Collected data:
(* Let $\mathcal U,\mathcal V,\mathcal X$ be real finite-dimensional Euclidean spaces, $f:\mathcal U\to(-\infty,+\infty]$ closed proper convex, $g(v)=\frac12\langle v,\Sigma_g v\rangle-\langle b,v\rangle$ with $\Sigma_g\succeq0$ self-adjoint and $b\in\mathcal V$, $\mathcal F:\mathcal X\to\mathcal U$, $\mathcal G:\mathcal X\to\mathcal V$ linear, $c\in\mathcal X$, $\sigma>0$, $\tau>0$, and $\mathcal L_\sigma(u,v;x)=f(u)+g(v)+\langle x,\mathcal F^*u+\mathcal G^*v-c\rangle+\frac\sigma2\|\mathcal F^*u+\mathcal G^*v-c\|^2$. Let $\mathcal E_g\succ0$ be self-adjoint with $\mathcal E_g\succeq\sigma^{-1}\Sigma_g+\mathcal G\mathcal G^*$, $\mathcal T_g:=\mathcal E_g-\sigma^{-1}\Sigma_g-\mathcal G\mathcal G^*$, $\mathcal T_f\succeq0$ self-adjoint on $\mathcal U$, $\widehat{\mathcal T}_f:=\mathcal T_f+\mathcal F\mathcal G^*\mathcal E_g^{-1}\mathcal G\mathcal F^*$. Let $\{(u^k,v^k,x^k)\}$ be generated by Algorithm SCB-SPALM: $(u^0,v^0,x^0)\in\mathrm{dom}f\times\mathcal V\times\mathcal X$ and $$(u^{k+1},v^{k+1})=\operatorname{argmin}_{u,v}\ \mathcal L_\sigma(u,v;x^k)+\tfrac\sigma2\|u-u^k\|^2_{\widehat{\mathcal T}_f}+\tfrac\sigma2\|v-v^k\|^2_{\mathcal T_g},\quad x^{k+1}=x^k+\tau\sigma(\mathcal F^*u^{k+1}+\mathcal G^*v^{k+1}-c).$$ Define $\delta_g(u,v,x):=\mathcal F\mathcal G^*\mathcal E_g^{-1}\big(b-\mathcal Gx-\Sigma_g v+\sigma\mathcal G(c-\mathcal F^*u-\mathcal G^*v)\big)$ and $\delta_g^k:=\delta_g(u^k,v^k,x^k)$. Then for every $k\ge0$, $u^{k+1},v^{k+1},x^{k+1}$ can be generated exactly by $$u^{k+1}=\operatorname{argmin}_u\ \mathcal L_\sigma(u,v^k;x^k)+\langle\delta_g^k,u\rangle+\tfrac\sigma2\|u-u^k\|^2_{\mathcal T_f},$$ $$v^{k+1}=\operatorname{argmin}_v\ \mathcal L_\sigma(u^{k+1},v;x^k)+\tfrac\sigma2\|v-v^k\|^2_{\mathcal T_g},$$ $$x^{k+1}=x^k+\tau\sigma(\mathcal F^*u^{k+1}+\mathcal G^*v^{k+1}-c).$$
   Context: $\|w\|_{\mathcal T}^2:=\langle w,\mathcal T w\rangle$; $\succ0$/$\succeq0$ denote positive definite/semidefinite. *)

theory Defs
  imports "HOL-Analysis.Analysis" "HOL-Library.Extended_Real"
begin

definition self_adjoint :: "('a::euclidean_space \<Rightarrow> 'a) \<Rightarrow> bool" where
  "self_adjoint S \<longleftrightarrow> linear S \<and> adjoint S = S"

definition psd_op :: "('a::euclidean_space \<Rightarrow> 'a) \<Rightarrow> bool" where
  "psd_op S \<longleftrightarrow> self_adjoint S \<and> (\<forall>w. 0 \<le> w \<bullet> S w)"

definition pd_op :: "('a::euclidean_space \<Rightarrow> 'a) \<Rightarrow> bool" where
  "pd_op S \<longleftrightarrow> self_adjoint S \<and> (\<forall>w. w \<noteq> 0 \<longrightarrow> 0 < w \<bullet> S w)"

__What you are asked to do__
List the lines of the entries that include "bullet".

__Response area__
  "psd_op S \<longleftrightarrow> self_adjoint S \<and> (\<forall>w. 0 \<le> w \<bullet> S w)"
  "pd_op S \<longleftrightarrow> self_adjoint S \<and> (\<forall>w. w \<noteq> 0 \<longrightarrow> 0 < w \<bullet> S w)"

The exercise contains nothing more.